• About this exercise: Copy each line from the data that has the word "where" in it.

• Data provided:

lemma psi_of_le_iff:
  assumes "0 < x"
  shows "psi_of nu u \<le> ereal x \<longleftrightarrow> u \<le> nu_cdf x"
proof -
  consider "u \<le> 0" | "1 \<le> u" | "0 < u" "u < 1" by linarith
  then show ?thesis
  proof cases
    case 1
    moreover have "0 \<le> nu_cdf x" by (simp add: nu_cdf_def)
    ultimately show ?thesis using assms by (simp add: psi_of_def)
  next
    case 2
    then show ?thesis using nu_cdf_add_tail[OF assms] tail_pos[of x] by (auto simp: psi_of_def)
  next
    case 3
    then obtain s where s: "0 < s" "nu_cdf s = u" "psi_of nu u = ereal s"
      by (rule psi_of_eq)
    moreover have "s \<le> x \<longleftrightarrow> nu_cdf s \<le> nu_cdf x"
      using nu_cdf_mono[of s x] nu_cdf_strict_mono[of x s] assms by (auto simp: not_le[symmetric])
    ultimately show ?thesis by simp
  qed
qed

lemma psi_of_nonneg: "0 \<le> psi_of nu u"
proof (cases "0 < u \<and> u < 1")
  case True
  then obtain s where "0 < s" "psi_of nu u = ereal s" by (metis psi_of_eq)
  then show ?thesis by simp
qed (auto simp: psi_of_def)

lemma psi_of_mono: "u \<le> v \<Longrightarrow> psi_of nu u \<le> psi_of nu v"
proof -
  assume uv: "u \<le> v"
  consider "v \<le> 0" | "1 \<le> v" | "0 < v" "v < 1" by linarith
  then show ?thesis
  proof cases
    case 3
    then obtain s where s: "0 < s" "nu_cdf s = v" "psi_of nu v = ereal s"
      by (rule psi_of_eq)
    then show ?thesis using psi_of_le_iff[OF s(1), of u] uv by simp
  qed (use uv in \<open>simp_all add: psi_of_def\<close>)
qed

definition capped_psi :: "real \<Rightarrow> real \<Rightarrow> real" where
  "capped_psi c u = real_of_ereal (min (psi_of nu u / ereal c) 1)"

lemma psi_of_divide_nonneg: "0 < c \<Longrightarrow> 0 \<le> psi_of nu u / ereal c"
  using ereal_divide_right_mono[OF psi_of_nonneg[of u], of "ereal c"] by simp

lemma capped_psi_bounds: "0 < c \<Longrightarrow> 0 \<le> capped_psi c u \<and> capped_psi c u \<le> 1"
  using real_of_ereal_positive_mono[of "min (psi_of nu u / ereal c) 1" 1] psi_of_divide_nonneg[of c u]
  by (auto simp: capped_psi_def real_of_ereal_pos)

• Answer box:
    then obtain s where s: "0 < s" "nu_cdf s = u" "psi_of nu u = ereal s"
  then obtain s where "0 < s" "psi_of nu u = ereal s" by (metis psi_of_eq)
    then obtain s where s: "0 < s" "nu_cdf s = v" "psi_of nu v = ereal s"
definition capped_psi :: "real \<Rightarrow> real \<Rightarrow> real" where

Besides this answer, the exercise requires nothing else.